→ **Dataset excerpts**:
=== Begin Enclosure ===

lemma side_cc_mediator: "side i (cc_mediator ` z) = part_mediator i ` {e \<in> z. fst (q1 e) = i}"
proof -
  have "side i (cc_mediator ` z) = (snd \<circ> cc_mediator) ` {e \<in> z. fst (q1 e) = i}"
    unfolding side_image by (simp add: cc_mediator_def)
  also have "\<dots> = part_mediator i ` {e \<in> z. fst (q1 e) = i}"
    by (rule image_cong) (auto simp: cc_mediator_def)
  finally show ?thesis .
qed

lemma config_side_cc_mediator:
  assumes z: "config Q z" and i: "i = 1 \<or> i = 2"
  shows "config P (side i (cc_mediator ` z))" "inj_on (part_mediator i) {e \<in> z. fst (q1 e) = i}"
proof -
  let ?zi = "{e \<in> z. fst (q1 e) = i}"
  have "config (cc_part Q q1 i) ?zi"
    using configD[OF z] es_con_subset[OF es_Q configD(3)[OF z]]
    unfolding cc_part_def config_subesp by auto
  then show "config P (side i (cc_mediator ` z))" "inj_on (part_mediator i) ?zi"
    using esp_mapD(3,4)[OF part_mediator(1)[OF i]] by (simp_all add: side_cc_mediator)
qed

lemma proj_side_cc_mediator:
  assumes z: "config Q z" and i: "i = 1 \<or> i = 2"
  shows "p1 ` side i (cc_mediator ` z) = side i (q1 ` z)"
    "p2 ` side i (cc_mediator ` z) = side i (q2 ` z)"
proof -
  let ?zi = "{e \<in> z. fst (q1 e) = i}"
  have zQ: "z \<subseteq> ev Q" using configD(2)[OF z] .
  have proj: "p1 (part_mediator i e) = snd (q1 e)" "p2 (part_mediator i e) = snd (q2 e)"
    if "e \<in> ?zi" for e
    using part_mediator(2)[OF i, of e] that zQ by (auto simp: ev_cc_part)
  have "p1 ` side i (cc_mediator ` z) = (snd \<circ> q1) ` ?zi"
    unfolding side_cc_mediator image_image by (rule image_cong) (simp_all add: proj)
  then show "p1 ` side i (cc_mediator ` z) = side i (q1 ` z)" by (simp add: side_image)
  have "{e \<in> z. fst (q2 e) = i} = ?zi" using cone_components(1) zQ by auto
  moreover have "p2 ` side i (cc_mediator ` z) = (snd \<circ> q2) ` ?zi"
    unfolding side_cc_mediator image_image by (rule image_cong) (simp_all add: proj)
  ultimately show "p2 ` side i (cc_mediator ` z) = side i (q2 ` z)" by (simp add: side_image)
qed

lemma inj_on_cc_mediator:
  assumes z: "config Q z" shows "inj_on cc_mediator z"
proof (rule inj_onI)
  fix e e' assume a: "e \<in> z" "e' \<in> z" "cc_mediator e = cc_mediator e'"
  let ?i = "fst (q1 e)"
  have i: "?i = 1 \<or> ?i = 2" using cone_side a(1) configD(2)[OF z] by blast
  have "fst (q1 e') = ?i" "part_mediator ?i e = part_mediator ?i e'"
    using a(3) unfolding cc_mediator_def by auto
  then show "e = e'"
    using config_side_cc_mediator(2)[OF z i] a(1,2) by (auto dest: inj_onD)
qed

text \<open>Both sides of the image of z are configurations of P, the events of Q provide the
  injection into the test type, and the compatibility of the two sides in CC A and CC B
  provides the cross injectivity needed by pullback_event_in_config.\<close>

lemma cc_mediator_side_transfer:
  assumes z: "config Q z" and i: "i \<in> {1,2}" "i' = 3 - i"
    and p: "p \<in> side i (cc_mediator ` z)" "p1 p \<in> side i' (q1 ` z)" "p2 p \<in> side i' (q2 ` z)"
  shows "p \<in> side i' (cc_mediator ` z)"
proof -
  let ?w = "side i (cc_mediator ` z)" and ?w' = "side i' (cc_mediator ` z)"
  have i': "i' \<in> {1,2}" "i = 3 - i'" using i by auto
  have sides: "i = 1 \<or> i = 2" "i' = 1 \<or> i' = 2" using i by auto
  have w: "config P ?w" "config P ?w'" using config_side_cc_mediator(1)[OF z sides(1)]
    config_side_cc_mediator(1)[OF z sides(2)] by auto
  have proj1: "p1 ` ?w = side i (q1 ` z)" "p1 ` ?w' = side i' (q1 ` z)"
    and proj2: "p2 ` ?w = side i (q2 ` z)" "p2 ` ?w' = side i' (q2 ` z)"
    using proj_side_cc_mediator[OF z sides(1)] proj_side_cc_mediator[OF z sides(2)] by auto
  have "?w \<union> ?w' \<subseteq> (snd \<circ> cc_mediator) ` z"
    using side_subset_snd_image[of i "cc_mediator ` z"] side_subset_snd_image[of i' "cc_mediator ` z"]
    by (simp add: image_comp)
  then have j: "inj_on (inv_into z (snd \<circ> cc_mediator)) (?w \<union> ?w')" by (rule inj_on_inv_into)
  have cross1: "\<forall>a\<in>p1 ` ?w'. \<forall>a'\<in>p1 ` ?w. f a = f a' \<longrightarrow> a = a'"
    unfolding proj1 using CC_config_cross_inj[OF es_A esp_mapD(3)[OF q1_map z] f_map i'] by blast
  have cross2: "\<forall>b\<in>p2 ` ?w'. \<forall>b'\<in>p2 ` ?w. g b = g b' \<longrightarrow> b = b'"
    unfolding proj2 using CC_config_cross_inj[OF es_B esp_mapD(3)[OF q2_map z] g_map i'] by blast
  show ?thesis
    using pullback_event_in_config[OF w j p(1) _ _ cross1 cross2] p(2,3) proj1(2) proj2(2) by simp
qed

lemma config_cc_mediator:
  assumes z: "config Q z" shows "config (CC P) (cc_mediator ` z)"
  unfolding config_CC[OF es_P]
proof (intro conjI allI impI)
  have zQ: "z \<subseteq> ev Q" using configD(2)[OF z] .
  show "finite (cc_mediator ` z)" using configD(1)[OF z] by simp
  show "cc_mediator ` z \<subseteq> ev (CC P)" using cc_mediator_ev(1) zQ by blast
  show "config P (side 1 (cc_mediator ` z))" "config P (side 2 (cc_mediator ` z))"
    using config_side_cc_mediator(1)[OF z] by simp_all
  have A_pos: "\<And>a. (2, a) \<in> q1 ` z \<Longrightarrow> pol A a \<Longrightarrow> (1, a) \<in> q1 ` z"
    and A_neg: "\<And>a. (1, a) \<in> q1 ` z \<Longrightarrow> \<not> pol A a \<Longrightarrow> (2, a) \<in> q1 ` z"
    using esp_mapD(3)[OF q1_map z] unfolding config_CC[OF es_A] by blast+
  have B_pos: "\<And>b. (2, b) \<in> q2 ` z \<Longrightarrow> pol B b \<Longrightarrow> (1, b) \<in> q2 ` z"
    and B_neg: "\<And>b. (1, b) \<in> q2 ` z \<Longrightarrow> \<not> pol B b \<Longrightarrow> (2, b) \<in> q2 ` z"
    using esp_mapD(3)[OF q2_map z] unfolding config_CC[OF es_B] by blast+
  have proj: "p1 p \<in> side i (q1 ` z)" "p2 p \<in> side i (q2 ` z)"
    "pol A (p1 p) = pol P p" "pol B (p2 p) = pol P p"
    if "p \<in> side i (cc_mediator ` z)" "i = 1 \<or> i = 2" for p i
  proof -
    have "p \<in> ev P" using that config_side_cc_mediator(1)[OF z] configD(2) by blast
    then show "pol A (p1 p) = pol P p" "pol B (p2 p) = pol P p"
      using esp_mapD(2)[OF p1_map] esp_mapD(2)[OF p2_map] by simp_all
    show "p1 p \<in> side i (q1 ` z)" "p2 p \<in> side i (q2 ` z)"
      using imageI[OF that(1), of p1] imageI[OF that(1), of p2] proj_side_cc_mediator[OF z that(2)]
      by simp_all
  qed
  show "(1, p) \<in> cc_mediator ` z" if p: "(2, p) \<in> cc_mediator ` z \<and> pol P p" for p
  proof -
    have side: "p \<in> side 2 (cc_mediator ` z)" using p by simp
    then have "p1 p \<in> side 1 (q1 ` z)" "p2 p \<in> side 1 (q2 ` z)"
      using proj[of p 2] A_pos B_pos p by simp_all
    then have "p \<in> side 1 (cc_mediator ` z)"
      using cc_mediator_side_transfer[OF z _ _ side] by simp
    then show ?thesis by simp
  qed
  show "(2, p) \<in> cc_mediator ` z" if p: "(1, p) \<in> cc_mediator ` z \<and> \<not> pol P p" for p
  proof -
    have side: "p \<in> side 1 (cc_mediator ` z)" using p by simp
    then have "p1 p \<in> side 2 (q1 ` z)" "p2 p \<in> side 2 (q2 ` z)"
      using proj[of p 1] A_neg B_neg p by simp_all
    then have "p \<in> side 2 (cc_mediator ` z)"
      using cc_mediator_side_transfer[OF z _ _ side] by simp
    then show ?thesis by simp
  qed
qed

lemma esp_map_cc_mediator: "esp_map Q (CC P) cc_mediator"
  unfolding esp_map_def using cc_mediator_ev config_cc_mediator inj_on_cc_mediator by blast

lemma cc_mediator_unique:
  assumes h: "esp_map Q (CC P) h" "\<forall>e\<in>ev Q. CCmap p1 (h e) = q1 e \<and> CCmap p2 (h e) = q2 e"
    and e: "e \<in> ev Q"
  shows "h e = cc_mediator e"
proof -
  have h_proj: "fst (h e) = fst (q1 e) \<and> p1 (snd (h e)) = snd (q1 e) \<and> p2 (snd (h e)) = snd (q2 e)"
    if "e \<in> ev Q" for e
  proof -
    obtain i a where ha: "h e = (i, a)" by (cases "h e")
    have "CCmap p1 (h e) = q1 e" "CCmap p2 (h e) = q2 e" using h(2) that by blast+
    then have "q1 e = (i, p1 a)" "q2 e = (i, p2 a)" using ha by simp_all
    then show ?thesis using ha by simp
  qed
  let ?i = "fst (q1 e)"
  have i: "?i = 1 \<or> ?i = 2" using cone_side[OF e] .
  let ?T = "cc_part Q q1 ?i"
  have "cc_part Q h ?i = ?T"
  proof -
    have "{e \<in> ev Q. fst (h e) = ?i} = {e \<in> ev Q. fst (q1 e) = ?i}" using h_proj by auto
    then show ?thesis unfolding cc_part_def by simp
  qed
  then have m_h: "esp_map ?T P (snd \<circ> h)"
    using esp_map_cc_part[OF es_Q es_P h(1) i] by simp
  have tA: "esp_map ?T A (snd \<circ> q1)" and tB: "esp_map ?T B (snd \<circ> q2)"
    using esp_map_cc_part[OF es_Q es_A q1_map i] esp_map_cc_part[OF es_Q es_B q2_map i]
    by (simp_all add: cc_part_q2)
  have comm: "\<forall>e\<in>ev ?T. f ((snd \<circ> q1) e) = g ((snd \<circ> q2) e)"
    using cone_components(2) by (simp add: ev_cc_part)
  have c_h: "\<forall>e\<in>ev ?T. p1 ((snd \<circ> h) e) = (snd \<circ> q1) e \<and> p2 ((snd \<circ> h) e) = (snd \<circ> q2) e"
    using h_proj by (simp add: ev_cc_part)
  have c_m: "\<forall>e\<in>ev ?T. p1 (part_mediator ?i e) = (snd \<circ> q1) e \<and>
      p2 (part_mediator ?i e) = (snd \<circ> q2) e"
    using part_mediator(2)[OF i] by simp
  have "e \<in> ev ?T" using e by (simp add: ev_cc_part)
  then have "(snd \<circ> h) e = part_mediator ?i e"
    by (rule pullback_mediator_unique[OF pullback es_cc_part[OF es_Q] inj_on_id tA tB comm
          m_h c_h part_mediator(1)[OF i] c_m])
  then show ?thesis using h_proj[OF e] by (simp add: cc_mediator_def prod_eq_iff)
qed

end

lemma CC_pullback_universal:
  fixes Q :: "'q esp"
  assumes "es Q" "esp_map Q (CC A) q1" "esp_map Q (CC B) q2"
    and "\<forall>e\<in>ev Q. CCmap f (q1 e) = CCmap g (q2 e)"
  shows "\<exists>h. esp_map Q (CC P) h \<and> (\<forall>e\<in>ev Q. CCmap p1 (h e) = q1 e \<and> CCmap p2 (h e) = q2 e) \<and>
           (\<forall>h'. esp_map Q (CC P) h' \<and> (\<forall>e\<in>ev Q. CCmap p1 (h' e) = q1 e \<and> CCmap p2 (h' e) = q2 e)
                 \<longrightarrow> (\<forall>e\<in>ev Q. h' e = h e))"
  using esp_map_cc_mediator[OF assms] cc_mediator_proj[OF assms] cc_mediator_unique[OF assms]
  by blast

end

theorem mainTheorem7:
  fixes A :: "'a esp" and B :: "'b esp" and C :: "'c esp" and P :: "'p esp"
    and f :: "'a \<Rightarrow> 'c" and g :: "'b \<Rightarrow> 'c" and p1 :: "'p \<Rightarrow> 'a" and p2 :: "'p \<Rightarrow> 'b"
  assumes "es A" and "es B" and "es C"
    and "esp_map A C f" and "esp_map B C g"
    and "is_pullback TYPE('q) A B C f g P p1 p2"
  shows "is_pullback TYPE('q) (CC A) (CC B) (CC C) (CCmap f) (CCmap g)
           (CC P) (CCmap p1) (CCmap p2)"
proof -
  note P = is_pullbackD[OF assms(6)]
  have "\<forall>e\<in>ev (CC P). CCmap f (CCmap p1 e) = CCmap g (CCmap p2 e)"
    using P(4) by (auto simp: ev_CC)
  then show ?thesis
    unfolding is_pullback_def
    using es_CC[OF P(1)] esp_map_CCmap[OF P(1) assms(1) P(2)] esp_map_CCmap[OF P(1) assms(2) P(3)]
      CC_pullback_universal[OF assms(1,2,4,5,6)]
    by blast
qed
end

=== End Enclosure ===
=== Begin Enclosure ===

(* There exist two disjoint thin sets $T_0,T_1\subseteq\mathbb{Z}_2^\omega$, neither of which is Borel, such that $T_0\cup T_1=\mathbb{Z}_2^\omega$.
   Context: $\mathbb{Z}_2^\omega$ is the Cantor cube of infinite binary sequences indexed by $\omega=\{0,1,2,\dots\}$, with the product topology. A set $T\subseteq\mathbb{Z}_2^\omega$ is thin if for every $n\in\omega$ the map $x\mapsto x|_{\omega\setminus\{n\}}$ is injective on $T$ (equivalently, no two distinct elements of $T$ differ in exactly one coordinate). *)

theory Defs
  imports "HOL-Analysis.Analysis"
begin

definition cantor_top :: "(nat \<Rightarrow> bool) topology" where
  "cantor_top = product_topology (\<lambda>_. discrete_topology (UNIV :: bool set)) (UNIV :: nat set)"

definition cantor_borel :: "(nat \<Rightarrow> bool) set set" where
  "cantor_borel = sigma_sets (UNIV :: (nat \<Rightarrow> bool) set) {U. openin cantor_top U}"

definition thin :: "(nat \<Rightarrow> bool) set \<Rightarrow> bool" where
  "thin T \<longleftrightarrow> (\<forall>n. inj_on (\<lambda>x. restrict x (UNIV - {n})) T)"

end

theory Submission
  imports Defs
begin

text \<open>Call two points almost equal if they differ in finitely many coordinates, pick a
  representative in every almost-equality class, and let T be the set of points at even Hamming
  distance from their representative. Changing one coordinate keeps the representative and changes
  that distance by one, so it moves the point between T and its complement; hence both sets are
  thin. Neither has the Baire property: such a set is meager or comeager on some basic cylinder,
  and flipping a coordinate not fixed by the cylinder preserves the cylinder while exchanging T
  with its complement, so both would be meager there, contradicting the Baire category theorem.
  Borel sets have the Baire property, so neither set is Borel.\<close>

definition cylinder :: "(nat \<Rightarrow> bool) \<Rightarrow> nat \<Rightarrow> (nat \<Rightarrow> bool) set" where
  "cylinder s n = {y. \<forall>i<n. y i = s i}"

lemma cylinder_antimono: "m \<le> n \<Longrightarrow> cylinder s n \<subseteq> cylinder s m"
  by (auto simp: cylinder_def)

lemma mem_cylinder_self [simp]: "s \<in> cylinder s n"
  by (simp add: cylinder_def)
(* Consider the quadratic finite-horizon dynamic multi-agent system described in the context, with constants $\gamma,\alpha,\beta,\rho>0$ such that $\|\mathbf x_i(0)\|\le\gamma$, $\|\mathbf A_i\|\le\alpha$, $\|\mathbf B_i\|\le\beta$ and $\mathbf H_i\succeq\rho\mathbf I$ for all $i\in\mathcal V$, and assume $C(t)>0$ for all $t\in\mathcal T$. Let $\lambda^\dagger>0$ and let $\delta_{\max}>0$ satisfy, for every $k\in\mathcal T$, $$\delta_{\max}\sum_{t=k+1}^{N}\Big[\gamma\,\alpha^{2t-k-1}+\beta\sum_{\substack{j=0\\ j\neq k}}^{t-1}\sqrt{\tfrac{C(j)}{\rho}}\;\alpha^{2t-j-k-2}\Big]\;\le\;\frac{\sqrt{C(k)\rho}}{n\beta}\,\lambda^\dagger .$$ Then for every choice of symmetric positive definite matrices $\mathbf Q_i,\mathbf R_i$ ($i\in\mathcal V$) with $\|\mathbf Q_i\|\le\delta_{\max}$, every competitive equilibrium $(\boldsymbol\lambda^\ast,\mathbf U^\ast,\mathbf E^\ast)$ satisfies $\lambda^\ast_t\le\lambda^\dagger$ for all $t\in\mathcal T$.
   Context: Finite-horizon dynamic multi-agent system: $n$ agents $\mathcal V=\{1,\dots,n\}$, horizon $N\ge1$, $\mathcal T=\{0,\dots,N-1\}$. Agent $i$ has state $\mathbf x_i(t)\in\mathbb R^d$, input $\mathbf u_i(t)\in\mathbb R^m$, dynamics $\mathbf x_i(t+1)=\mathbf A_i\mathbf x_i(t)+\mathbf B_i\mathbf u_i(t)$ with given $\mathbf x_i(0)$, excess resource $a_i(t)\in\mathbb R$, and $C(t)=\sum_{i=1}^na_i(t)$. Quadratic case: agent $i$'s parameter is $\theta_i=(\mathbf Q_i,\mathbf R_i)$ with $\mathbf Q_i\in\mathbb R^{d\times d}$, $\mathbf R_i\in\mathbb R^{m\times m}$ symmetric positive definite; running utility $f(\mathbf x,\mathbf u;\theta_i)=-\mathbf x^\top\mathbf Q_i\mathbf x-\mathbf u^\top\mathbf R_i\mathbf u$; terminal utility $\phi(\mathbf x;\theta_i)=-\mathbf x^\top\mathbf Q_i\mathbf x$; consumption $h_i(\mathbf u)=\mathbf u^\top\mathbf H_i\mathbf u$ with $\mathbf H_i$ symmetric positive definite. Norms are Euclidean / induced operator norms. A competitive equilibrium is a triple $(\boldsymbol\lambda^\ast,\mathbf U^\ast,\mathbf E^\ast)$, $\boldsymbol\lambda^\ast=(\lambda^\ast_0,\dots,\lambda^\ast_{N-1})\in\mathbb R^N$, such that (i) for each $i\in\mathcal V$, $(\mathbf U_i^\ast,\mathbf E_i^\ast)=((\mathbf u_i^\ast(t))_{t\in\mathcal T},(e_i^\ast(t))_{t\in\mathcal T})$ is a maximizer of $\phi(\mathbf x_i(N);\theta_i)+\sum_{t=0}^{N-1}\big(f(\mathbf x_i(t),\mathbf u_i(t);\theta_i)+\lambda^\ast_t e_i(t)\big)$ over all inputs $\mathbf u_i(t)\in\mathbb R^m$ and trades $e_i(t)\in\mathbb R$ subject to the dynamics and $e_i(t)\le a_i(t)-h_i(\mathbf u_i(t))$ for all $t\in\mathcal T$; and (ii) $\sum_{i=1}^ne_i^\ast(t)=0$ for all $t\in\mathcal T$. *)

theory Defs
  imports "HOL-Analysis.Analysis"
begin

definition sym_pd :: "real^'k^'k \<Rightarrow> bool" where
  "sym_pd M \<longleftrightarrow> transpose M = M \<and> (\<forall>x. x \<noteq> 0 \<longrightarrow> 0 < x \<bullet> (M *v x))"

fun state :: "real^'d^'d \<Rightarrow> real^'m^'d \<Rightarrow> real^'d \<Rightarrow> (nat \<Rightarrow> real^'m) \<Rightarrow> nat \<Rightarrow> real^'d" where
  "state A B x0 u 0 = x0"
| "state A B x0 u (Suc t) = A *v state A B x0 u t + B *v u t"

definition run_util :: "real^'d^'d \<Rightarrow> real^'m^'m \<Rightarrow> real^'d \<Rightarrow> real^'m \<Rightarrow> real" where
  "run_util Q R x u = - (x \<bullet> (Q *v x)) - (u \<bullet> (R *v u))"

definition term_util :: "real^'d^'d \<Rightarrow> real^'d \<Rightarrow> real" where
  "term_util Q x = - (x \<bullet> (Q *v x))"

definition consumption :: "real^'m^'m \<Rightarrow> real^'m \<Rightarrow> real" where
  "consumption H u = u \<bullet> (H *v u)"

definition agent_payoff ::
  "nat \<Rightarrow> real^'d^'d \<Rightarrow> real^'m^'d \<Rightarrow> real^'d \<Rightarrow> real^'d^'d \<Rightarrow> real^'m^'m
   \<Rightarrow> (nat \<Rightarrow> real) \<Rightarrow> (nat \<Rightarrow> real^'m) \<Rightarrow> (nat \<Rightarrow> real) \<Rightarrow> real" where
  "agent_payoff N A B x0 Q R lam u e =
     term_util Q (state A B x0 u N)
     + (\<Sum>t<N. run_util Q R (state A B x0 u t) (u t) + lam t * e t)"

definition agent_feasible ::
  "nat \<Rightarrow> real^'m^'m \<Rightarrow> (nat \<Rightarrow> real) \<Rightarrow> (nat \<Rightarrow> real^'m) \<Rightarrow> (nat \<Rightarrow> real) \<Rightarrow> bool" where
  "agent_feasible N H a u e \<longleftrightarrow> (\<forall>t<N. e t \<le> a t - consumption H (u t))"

=== End Enclosure ===
=== Begin Enclosure ===

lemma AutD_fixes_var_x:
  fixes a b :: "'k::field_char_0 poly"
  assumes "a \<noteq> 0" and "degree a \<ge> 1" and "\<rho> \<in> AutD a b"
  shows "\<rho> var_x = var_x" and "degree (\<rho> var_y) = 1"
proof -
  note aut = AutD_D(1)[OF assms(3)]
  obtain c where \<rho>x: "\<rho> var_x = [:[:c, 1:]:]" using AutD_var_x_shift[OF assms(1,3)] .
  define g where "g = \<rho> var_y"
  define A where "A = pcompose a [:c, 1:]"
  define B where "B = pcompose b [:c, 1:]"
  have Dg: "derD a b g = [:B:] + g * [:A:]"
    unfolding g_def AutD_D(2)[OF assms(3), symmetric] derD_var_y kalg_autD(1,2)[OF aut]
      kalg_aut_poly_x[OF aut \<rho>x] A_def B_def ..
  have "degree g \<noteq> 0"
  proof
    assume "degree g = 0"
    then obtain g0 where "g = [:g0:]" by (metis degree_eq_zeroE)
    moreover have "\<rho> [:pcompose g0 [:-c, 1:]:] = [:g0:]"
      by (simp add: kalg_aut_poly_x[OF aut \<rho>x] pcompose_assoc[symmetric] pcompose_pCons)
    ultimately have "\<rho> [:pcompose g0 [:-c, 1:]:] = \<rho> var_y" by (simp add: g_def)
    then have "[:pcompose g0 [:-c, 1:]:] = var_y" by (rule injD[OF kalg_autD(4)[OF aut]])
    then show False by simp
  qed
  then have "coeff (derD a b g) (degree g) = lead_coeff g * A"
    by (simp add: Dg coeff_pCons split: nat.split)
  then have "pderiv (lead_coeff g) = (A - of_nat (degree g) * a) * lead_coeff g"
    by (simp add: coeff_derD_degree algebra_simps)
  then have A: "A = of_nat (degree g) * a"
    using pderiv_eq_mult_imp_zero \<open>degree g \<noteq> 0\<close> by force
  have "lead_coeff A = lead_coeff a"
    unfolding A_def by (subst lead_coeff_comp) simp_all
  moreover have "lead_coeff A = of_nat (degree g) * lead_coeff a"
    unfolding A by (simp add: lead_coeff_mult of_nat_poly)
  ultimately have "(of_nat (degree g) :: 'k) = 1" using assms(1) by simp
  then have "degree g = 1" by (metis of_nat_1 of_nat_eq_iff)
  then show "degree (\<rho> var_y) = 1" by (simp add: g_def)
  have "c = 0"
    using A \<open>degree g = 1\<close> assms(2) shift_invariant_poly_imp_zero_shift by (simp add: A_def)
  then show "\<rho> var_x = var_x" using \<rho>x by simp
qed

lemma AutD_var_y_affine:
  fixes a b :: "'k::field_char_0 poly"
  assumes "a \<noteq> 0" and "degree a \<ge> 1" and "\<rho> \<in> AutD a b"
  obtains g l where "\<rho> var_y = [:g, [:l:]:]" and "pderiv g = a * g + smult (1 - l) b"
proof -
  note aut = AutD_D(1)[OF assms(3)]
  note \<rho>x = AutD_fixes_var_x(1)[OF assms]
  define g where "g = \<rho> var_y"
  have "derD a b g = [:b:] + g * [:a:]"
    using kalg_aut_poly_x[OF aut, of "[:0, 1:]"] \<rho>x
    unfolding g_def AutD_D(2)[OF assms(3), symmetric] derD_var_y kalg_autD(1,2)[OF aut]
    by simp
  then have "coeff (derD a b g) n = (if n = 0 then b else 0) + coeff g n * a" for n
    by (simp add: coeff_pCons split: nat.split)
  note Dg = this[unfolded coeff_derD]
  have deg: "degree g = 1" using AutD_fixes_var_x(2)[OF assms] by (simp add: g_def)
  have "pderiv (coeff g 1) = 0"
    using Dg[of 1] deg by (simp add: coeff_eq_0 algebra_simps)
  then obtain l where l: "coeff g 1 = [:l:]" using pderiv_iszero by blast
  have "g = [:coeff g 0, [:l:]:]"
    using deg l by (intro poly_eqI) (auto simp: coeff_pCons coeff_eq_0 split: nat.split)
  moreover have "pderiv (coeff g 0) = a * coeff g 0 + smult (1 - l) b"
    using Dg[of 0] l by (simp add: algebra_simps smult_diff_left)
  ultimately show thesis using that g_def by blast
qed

=== End Enclosure ===

Among the lines of the data, which ones contain the word "ultimately"? Show them.

  ultimately show "p2 ` side i (cc_mediator ` z) = side i (q2 ` z)" by (simp add: side_image)
    ultimately have "\<rho> [:pcompose g0 [:-c, 1:]:] = \<rho> var_y" by (simp add: g_def)
  ultimately have "(of_nat (degree g) :: 'k) = 1" using assms(1) by simp
  ultimately show thesis using that g_def by blast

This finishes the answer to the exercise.